Поразительно, что Горький решается при этом строить в своем сознании некие "мысле формы", открытием которых столь кичились адепты теософии, расширительно толкующие свое базовое понятие "ауры": "В большинстве своем человечьи души кажутся мне бесформенными, как облака, и мутнопестрыми, точно лживый камень опал, они всегда податливо изменяются, сообразно цвету того, что коснется их" ("Ледоход"). А порою такие броские приемы визуализации всего того, что реально "нельзя увидеть", объединяются в целостный образ, и тогда видимыми становятся и мысли, и звуки: "Мне казалось, что каждый вопрос, поставленный Ромасем, пустил, как мощное дерево, корни свои в плоть жизни, а там, в недрах ее, эти корни сплелись с корнями другого, такого же векового дерева, и на каждой ветви их ярко цветут мысли, пышно распускаются листья звучных слов" ("Мои университеты").
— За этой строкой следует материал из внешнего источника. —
(* Let $(G,\Lambda)$ be a pseudo free self-similar action and $x\in\Lambda^\infty$. Then $x$ is $G$-periodic if and only if $\sigma^n(x)$ is $G$-periodic for every $n\in\mathbb{N}^k$.
   Context: Let $k\ge1$. A $k$-graph is a countable small category $\Lambda$ together with a functor $d:\Lambda\to\mathbb{N}^k$ (the degree map) with the unique factorization property: for every $\mu\in\Lambda$ and $m,n\in\mathbb{N}^k$ with $d(\mu)=m+n$ there are unique $\alpha,\beta\in\Lambda$ with $d(\alpha)=m$, $d(\beta)=n$ and $\mu=\alpha\beta$. Write $\Lambda^n=d^{-1}(n)$; $\Lambda^0$ is identified with the set of objects (vertices), and $r,s$ denote range and source. All $k$-graphs are assumed row-finite and source-free. Infinite paths: let $\Omega_k=\{(p,q)\in\mathbb{N}^k\times\mathbb{N}^k:p\le q\}$ with $r(p,q)=(p,p)$, $s(p,q)=(q,q)$, $(p,q)(q,m)=(p,m)$, $d(p,q)=q-p$. An infinite path is a degree-preserving functor $x:\Omega_k\to\Lambda$; $\Lambda^\infty$ is the set of infinite paths, and the shift is $\sigma^n(x)(p,q)=x(p+n,q+n)$. Self-similar actions: $G$ is a countable discrete group. A self-similar action $(G,\Lambda)$ consists of an action of $G$ on $\Lambda$ by automorphisms (bijections preserving $d$, $r$, $s$), written $g\cdot\mu$, and a restriction map $G\times\Lambda\to G$, $(g,\mu)\mapsto g|_\mu$, such that for all $g,h\in G$, $v\in\Lambda^0$ and $\mu,\nu$ with $s(\mu)=r(\nu)$: $g\cdot(\mu\nu)=(g\cdot\mu)(g|_\mu\cdot\nu)$; $g|_v=g$; $g|_{\mu\nu}=(g|_\mu)|_\nu$; $1_G|_\mu=1_G$; $(gh)|_\mu=g|_{h\cdot\mu}\,h|_\mu$. For $x\in\Lambda^\infty$, $(g\cdot x)(p,q)=g|_{x(0,p)}\cdot x(p,q)$. The action is pseudo free if $g\cdot\mu=\mu$ and $g|_\mu=1_G$ for some $\mu\in\Lambda$ imply $g=1_G$. $G$-aperiodicity: an infinite path $x$ is $G$-aperiodic if for all $g\in G$ and $p,q\in\mathbb{N}^k$ with $g\neq1_G$ or $p\neq q$ one has $\sigma^p(x)\neq g\cdot\sigma^q(x)$; otherwise $x$ is $G$-periodic. *)

theory Defs
  imports "HOL-Library.Function_Algebras" "HOL-Library.Countable_Set" "HOL-Algebra.Group"
begin

text \<open>Degrees live in N^k, represented as functions 'k \<Rightarrow> nat for a finite index
type 'k with CARD('k) = k; addition, subtraction and the order are pointwise.
A k-graph is given by its set of morphisms L, its set of vertices (objects,
identified with identity morphisms) V, range r, source s, composition cmp
(meaningful when s mu = r nu) and degree map d.\<close>

definition is_kgraph ::
  "'m set \<Rightarrow> 'm set \<Rightarrow> ('m \<Rightarrow> 'm) \<Rightarrow> ('m \<Rightarrow> 'm) \<Rightarrow> ('m \<Rightarrow> 'm \<Rightarrow> 'm)
   \<Rightarrow> ('m \<Rightarrow> ('k::finite \<Rightarrow> nat)) \<Rightarrow> bool" where
  "is_kgraph L V r s cmp d \<longleftrightarrow>
     countable L \<and> V \<subseteq> L \<and>
     (\<forall>\<mu>\<in>L. r \<mu> \<in> V \<and> s \<mu> \<in> V) \<and>
     (\<forall>v\<in>V. r v = v \<and> s v = v) \<and>
     (\<forall>\<mu>\<in>L. \<forall>\<nu>\<in>L. s \<mu> = r \<nu> \<longrightarrow>
        cmp \<mu> \<nu> \<in> L \<and> r (cmp \<mu> \<nu>) = r \<mu> \<and> s (cmp \<mu> \<nu>) = s \<nu>) \<and>
     (\<forall>\<mu>\<in>L. \<forall>\<nu>\<in>L. \<forall>\<tau>\<in>L. s \<mu> = r \<nu> \<longrightarrow> s \<nu> = r \<tau> \<longrightarrow>
        cmp (cmp \<mu> \<nu>) \<tau> = cmp \<mu> (cmp \<nu> \<tau>)) \<and>
     (\<forall>\<mu>\<in>L. cmp (r \<mu>) \<mu> = \<mu> \<and> cmp \<mu> (s \<mu>) = \<mu>) \<and>
     (\<forall>\<mu>\<in>L. \<forall>\<nu>\<in>L. s \<mu> = r \<nu> \<longrightarrow> d (cmp \<mu> \<nu>) = d \<mu> + d \<nu>) \<and>
     (\<forall>v\<in>V. d v = 0) \<and>
     (\<forall>\<mu>\<in>L. \<forall>m n. d \<mu> = m + n \<longrightarrow>
        (\<exists>!(\<alpha>, \<beta>). \<alpha> \<in> L \<and> \<beta> \<in> L \<and> d \<alpha> = m \<and> d \<beta> = n \<and>
                  s \<alpha> = r \<beta> \<and> \<mu> = cmp \<alpha> \<beta>))"

definition row_finite ::
  "'m set \<Rightarrow> 'm set \<Rightarrow> ('m \<Rightarrow> 'm) \<Rightarrow> ('m \<Rightarrow> ('k \<Rightarrow> nat)) \<Rightarrow> bool" where
  "row_finite L V r d \<longleftrightarrow> (\<forall>v\<in>V. \<forall>n. finite {\<mu>\<in>L. d \<mu> = n \<and> r \<mu> = v})"

definition source_free ::
  "'m set \<Rightarrow> 'm set \<Rightarrow> ('m \<Rightarrow> 'm) \<Rightarrow> ('m \<Rightarrow> ('k \<Rightarrow> nat)) \<Rightarrow> bool" where
  "source_free L V r d \<longleftrightarrow> (\<forall>v\<in>V. \<forall>n. {\<mu>\<in>L. d \<mu> = n \<and> r \<mu> = v} \<noteq> {})"

text \<open>Self-similar action of the group G (HOL-Algebra) on the k-graph:
act g mu = g . mu, restr g mu = g|_mu.\<close>

definition self_similar ::
  "('g, 'b) monoid_scheme \<Rightarrow> ('g \<Rightarrow> 'm \<Rightarrow> 'm) \<Rightarrow> ('g \<Rightarrow> 'm \<Rightarrow> 'g)
   \<Rightarrow> 'm set \<Rightarrow> 'm set \<Rightarrow> ('m \<Rightarrow> 'm) \<Rightarrow> ('m \<Rightarrow> 'm) \<Rightarrow> ('m \<Rightarrow> 'm \<Rightarrow> 'm)
   \<Rightarrow> ('m \<Rightarrow> ('k::finite \<Rightarrow> nat)) \<Rightarrow> bool" where
  "self_similar G act restr L V r s cmp d \<longleftrightarrow>
     group G \<and> countable (carrier G) \<and>
     (\<forall>g\<in>carrier G. bij_betw (act g) L L \<and>
        (\<forall>\<mu>\<in>L. d (act g \<mu>) = d \<mu> \<and> r (act g \<mu>) = act g (r \<mu>) \<and>
                s (act g \<mu>) = act g (s \<mu>))) \<and>
     (\<forall>\<mu>\<in>L. act \<one>\<^bsub>G\<^esub> \<mu> = \<mu>) \<and>
     (\<forall>g\<in>carrier G. \<forall>h\<in>carrier G. \<forall>\<mu>\<in>L.
        act (g \<otimes>\<^bsub>G\<^esub> h) \<mu> = act g (act h \<mu>)) \<and>
     (\<forall>g\<in>carrier G. \<forall>\<mu>\<in>L. restr g \<mu> \<in> carrier G) \<and>
     (\<forall>g\<in>carrier G. \<forall>\<mu>\<in>L. \<forall>\<nu>\<in>L. s \<mu> = r \<nu> \<longrightarrow>
        act g (cmp \<mu> \<nu>) = cmp (act g \<mu>) (act (restr g \<mu>) \<nu>)) \<and>
     (\<forall>g\<in>carrier G. \<forall>v\<in>V. restr g v = g) \<and>
     (\<forall>g\<in>carrier G. \<forall>\<mu>\<in>L. \<forall>\<nu>\<in>L. s \<mu> = r \<nu> \<longrightarrow>
        restr g (cmp \<mu> \<nu>) = restr (restr g \<mu>) \<nu>) \<and>
     (\<forall>\<mu>\<in>L. restr \<one>\<^bsub>G\<^esub> \<mu> = \<one>\<^bsub>G\<^esub>) \<and>
     (\<forall>g\<in>carrier G. \<forall>h\<in>carrier G. \<forall>\<mu>\<in>L.
        restr (g \<otimes>\<^bsub>G\<^esub> h) \<mu> = restr g (act h \<mu>) \<otimes>\<^bsub>G\<^esub> restr h \<mu>)"

definition pseudo_free ::
  "('g, 'b) monoid_scheme \<Rightarrow> ('g \<Rightarrow> 'm \<Rightarrow> 'm) \<Rightarrow> ('g \<Rightarrow> 'm \<Rightarrow> 'g) \<Rightarrow> 'm set \<Rightarrow> bool" where
  "pseudo_free G act restr L \<longleftrightarrow>
     (\<forall>g\<in>carrier G. \<forall>\<mu>\<in>L. act g \<mu> = \<mu> \<and> restr g \<mu> = \<one>\<^bsub>G\<^esub> \<longrightarrow> g = \<one>\<^bsub>G\<^esub>)"

text \<open>Infinite paths: degree-preserving functors Omega_k \<rightarrow> Lambda, represented as
functions x p q defined for p \<le> q and equal to undefined elsewhere (so that
equality of paths is plain HOL equality). The object (p,p) is sent to the
vertex x p p.\<close>

definition inf_paths ::
  "'m set \<Rightarrow> 'm set \<Rightarrow> ('m \<Rightarrow> 'm) \<Rightarrow> ('m \<Rightarrow> 'm) \<Rightarrow> ('m \<Rightarrow> 'm \<Rightarrow> 'm)
   \<Rightarrow> ('m \<Rightarrow> ('k::finite \<Rightarrow> nat)) \<Rightarrow> (('k \<Rightarrow> nat) \<Rightarrow> ('k \<Rightarrow> nat) \<Rightarrow> 'm) set" where
  "inf_paths L V r s cmp d =
     {x. (\<forall>p q. \<not> p \<le> q \<longrightarrow> x p q = undefined) \<and>
         (\<forall>p. x p p \<in> V) \<and>
         (\<forall>p q. p \<le> q \<longrightarrow> x p q \<in> L \<and> d (x p q) = q - p \<and>
                r (x p q) = x p p \<and> s (x p q) = x q q) \<and>
         (\<forall>p q m. p \<le> q \<longrightarrow> q \<le> m \<longrightarrow> cmp (x p q) (x q m) = x p m)}"

definition shift ::
  "('k::finite \<Rightarrow> nat) \<Rightarrow> (('k \<Rightarrow> nat) \<Rightarrow> ('k \<Rightarrow> nat) \<Rightarrow> 'm) \<Rightarrow> (('k \<Rightarrow> nat) \<Rightarrow> ('k \<Rightarrow> nat) \<Rightarrow> 'm)" where
  "shift n x = (\<lambda>p q. if p \<le> q then x (p + n) (q + n) else undefined)"

definition path_act ::
  "('g \<Rightarrow> 'm \<Rightarrow> 'm) \<Rightarrow> ('g \<Rightarrow> 'm \<Rightarrow> 'g) \<Rightarrow> 'g
   \<Rightarrow> (('k::finite \<Rightarrow> nat) \<Rightarrow> ('k \<Rightarrow> nat) \<Rightarrow> 'm) \<Rightarrow> (('k \<Rightarrow> nat) \<Rightarrow> ('k \<Rightarrow> nat) \<Rightarrow> 'm)" where
  "path_act act restr g x = (\<lambda>p q. if p \<le> q then act (restr g (x 0 p)) (x p q) else undefined)"

definition G_aperiodic ::
  "('g, 'b) monoid_scheme \<Rightarrow> ('g \<Rightarrow> 'm \<Rightarrow> 'm) \<Rightarrow> ('g \<Rightarrow> 'm \<Rightarrow> 'g)
   \<Rightarrow> (('k::finite \<Rightarrow> nat) \<Rightarrow> ('k \<Rightarrow> nat) \<Rightarrow> 'm) \<Rightarrow> bool" where
  "G_aperiodic G act restr x \<longleftrightarrow>
     (\<forall>g\<in>carrier G. \<forall>p q. (g \<noteq> \<one>\<^bsub>G\<^esub> \<or> p \<noteq> q) \<longrightarrow>
        shift p x \<noteq> path_act act restr g (shift q x))"

definition G_periodic ::
  "('g, 'b) monoid_scheme \<Rightarrow> ('g \<Rightarrow> 'm \<Rightarrow> 'm) \<Rightarrow> ('g \<Rightarrow> 'm \<Rightarrow> 'g)
   \<Rightarrow> (('k::finite \<Rightarrow> nat) \<Rightarrow> ('k \<Rightarrow> nat) \<Rightarrow> 'm) \<Rightarrow> bool" where
  "G_periodic G act restr x \<longleftrightarrow> \<not> G_aperiodic G act restr x"

end

theory Submission
  imports Defs
begin

text \<open>If \<open>\<sigma>\<^sup>p(x) = g \<cdot> \<sigma>\<^sup>q(x)\<close>, then shifting both sides by \<open>n\<close> gives
\<open>\<sigma>\<^sup>p(\<sigma>\<^sup>n x) = g|\<^sub>\<mu> \<cdot> \<sigma>\<^sup>q(\<sigma>\<^sup>n x)\<close> with \<open>\<mu> = x(q, q + n)\<close>. This new witness could only be
trivial if \<open>p = q\<close> and \<open>g|\<^sub>\<mu> = 1\<close>; but then \<open>g\<close> also fixes \<open>\<mu>\<close>, so pseudo freeness
forces \<open>g = 1\<close>, contradicting the nontriviality of the original witness.
The converse is the case \<open>n = 0\<close>.\<close>

lemma inf_pathsD:
  assumes "x \<in> inf_paths L V r s cmp d"
  shows inf_paths_vertex: "x p p \<in> V"
    and inf_paths_in: "p \<le> q \<Longrightarrow> x p q \<in> L"
    and inf_paths_source_range: "p \<le> q \<Longrightarrow> q \<le> m \<Longrightarrow> s (x p q) = r (x q m)"
    and inf_paths_cmp: "p \<le> q \<Longrightarrow> q \<le> m \<Longrightarrow> cmp (x p q) (x q m) = x p m"
  using assms order_refl unfolding inf_paths_def by (fastforce dest: order_trans)+

lemma self_similarD:
  assumes "self_similar G act restr L V r s cmp d" and "g \<in> carrier G"
  shows self_similar_restr_closed: "\<mu> \<in> L \<Longrightarrow> restr g \<mu> \<in> carrier G"
    and self_similar_restr_vertex: "v \<in> V \<Longrightarrow> restr g v = g"
    and self_similar_restr_cmp:
      "\<mu> \<in> L \<Longrightarrow> \<nu> \<in> L \<Longrightarrow> s \<mu> = r \<nu> \<Longrightarrow> restr g (cmp \<mu> \<nu>) = restr (restr g \<mu>) \<nu>"
  using assms unfolding self_similar_def by blast+

lemma shift_in_inf_paths:
  "x \<in> inf_paths L V r s cmp d \<Longrightarrow> shift n x \<in> inf_paths L V r s cmp d"
  unfolding inf_paths_def shift_def by auto

lemma shift_0: "x \<in> inf_paths L V r s cmp d \<Longrightarrow> shift 0 x = x"
  unfolding inf_paths_def shift_def by (auto simp: fun_eq_iff)

lemma shift_shift: "shift n (shift q x) = shift (q + n) x"
  unfolding shift_def by (auto simp: fun_eq_iff add_ac)

lemma shift_path_act:
  assumes ss: "self_similar G act restr L V r s cmp d"
    and y: "y \<in> inf_paths L V r s cmp d" and g: "g \<in> carrier G"
  shows "shift n (path_act act restr g y) = path_act act restr (restr g (y 0 n)) (shift n y)"
proof -
  have "restr (restr g (y 0 n)) (y n (n + p)) = restr g (y 0 (n + p))" for p
  proof -
    have "0 \<le> n" "n \<le> n + p" by (simp_all add: le_fun_def)
    then have "y 0 n \<in> L" "y n (n + p) \<in> L" "s (y 0 n) = r (y n (n + p))"
      using inf_paths_in[OF y] inf_paths_source_range[OF y] by blast+
    then show ?thesis
      using self_similar_restr_cmp[OF ss g] inf_paths_cmp[OF y \<open>0 \<le> n\<close> \<open>n \<le> n + p\<close>]
      by metis
  qed
  then show ?thesis
    unfolding shift_def path_act_def by (auto simp: fun_eq_iff add.commute)
qed

lemma G_periodic_iff:
  "G_periodic G act restr x \<longleftrightarrow>
     (\<exists>g\<in>carrier G. \<exists>p q. (g \<noteq> \<one>\<^bsub>G\<^esub> \<or> p \<noteq> q) \<and> shift p x = path_act act restr g (shift q x))"
  unfolding G_periodic_def G_aperiodic_def by blast

lemma G_periodic_shift:
  assumes ss: "self_similar G act restr L V r s cmp d"
    and pf: "pseudo_free G act restr L"
    and x: "x \<in> inf_paths L V r s cmp d"
    and per: "G_periodic G act restr x"
  shows "G_periodic G act restr (shift n x)"
proof -
  obtain g p q where g: "g \<in> carrier G" and nontriv: "g \<noteq> \<one>\<^bsub>G\<^esub> \<or> p \<noteq> q"
    and eq: "shift p x = path_act act restr g (shift q x)"
    using per unfolding G_periodic_iff by blast
  define \<mu> where "\<mu> = x q (q + n)"
  have "q \<le> q + n" "0 \<le> n" by (simp_all add: le_fun_def)
  then have \<mu>: "\<mu> \<in> L" "shift q x 0 n = \<mu>"
    unfolding \<mu>_def shift_def using inf_paths_in[OF x] by (simp_all add: add.commute)
  have h: "restr g \<mu> \<in> carrier G"
    using self_similar_restr_closed[OF ss g \<mu>(1)] .
  have "shift p (shift n x) = shift n (shift p x)"
    by (simp add: shift_shift add.commute)
  also have "\<dots> = shift n (path_act act restr g (shift q x))"
    using eq by simp
  also have "\<dots> = path_act act restr (restr g \<mu>) (shift n (shift q x))"
    using shift_path_act[OF ss shift_in_inf_paths[OF x] g] \<mu>(2) by simp
  also have "shift n (shift q x) = shift q (shift n x)"
    by (simp add: shift_shift add.commute)
  finally have eq_n: "shift p (shift n x) = path_act act restr (restr g \<mu>) (shift q (shift n x))" .
  have "restr g \<mu> \<noteq> \<one>\<^bsub>G\<^esub> \<or> p \<noteq> q"
  proof (rule ccontr)
    assume "\<not> ?thesis"
    then have trivial: "restr g \<mu> = \<one>\<^bsub>G\<^esub>" and "p = q" by auto
    have "restr g (x q q) = g"
      using self_similar_restr_vertex[OF ss g inf_paths_vertex[OF x]] .
    moreover have "shift p x 0 n = path_act act restr g (shift q x) 0 n"
      using eq by simp
    ultimately have "act g \<mu> = \<mu>"
      using \<open>p = q\<close> unfolding \<mu>_def shift_def path_act_def by (simp add: add.commute)
    then have "g = \<one>\<^bsub>G\<^esub>"
      using pf g \<mu>(1) trivial unfolding pseudo_free_def by blast
    with nontriv \<open>p = q\<close> show False by simp
  qed
  with h eq_n show ?thesis
    unfolding G_periodic_iff by blast
qed

theorem lemma3p4:
  fixes L V :: "'m set" and r s :: "'m \<Rightarrow> 'm" and cmp :: "'m \<Rightarrow> 'm \<Rightarrow> 'm"
    and d :: "'m \<Rightarrow> ('k::finite \<Rightarrow> nat)"
    and G :: "('g, 'b) monoid_scheme" and act :: "'g \<Rightarrow> 'm \<Rightarrow> 'm" and restr :: "'g \<Rightarrow> 'm \<Rightarrow> 'g"
    and x :: "('k \<Rightarrow> nat) \<Rightarrow> ('k \<Rightarrow> nat) \<Rightarrow> 'm"
  assumes "is_kgraph L V r s cmp d"
    and "row_finite L V r d"
    and "source_free L V r d"
    and "self_similar G act restr L V r s cmp d"
    and "pseudo_free G act restr L"
    and "x \<in> inf_paths L V r s cmp d"
  shows "G_periodic G act restr x \<longleftrightarrow> (\<forall>n. G_periodic G act restr (shift n x))"
  using G_periodic_shift[OF assms(4-6)] shift_0[OF assms(6)] by metis

end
Близки к подобной "визуализации" и осязательнослуховые синестезии, которыми также богат художественный словарь Горького: "колющие словечки", "мягкие слова", "мятые слова", "густые, угрюмые звуки" ("Самгин"); "басы кидали в воздух твердые звуки" ("Коновалов"). Чаще всего зрительно-слуховые и осязательно-слуховые синестезии выступают в психологически и художественно мотивированном единении: "Тонкий, режущий свист прорывает все звуки улиц, он тянется бесконечно, как ослепительно-белая, холодная нить, он закручиваетс я вокруг горла" ("Город Желтого дьявола").
Обратные примеры, так сказать, "аудиализации видимого" у Горького встречаются тоже, но заметно реже, причем они у него выглядят менее естественными и, порою, своей неприхотливой изысканностью могут конкурировать с Бальмонтом и Северяниным: "На сочном фоне зелени горит яркий спор светлолиловых глициний с кровавой геранью и розами, рыжевато-желтая парча молочая смешана с темным бархатом ирисов и левкоев все так ярко и светло, что кажется, будто цветы поют, как скрипки, флейты и страстные виолончели" ("Сказки об Италии"); либо напоминают уже ставшие привычными символистские синестетические обобщения. А вот Блок: "В небе еще долго... тихо играет музыка ярких цветов вечерней зари" ("Скуки ради"); "И все это бег облаков, трепет звезд, движение теней по стенам зданий и камню площади тоже, как тихая музыка" ("Сказки от Италии"). Но там, где Горький возвращается к своим излюбленным пластическим, черно-белым, графическим синестезиям, эти примеры уже обратного синестетического "слышания" зримого мира также поражают своей исключительной и изощренной точностью: "Пожар погас, стало тихо и темно, но во тьме еще сверкают языки огня, - точно ребенок, устав плакать, тихо всхлипывает" ("Исповедь").
И, надо особо подчеркнуть, - если исключить некоторую надуманность этих "обратных", т.е. слухо-зрительных синестезий, - практически все тропы, основанные на межчувственных переносах, построены у Горького при откровенном отсутствии претензий на символичность и любую иног рода отвлеченность, абстрагированность синестетических образов!.. Все они реалистичны, и, если можно применить здесь этот термин, - конкретны: "Хлопнет дверь и обрубит его песню, как топором" ("Детство"); "Циничные выкрики все чаще брызгают на песню, точно грязь улицы на праздничное платье" ("Хозяин"); "Вокруг колокольни вьются белые голуби - точно веселый звон превратился в белых птиц" ("Ералаш"); "Слова, гадкие как мокрицы, разбегались, оскорбляя собою музыку волн" ("Мальва"). И вновь возникает вопрос - откуда все это, зачем они нужны Горькому, подобные "странные" сопоставления?.. В них, по нашему мнению, происходит удивительный акт дополнительного олицетворения, точнее, опредмечивания, овеществления звуков, чем достигается эффект эмоционального "усиления", "уточнения" их оценки.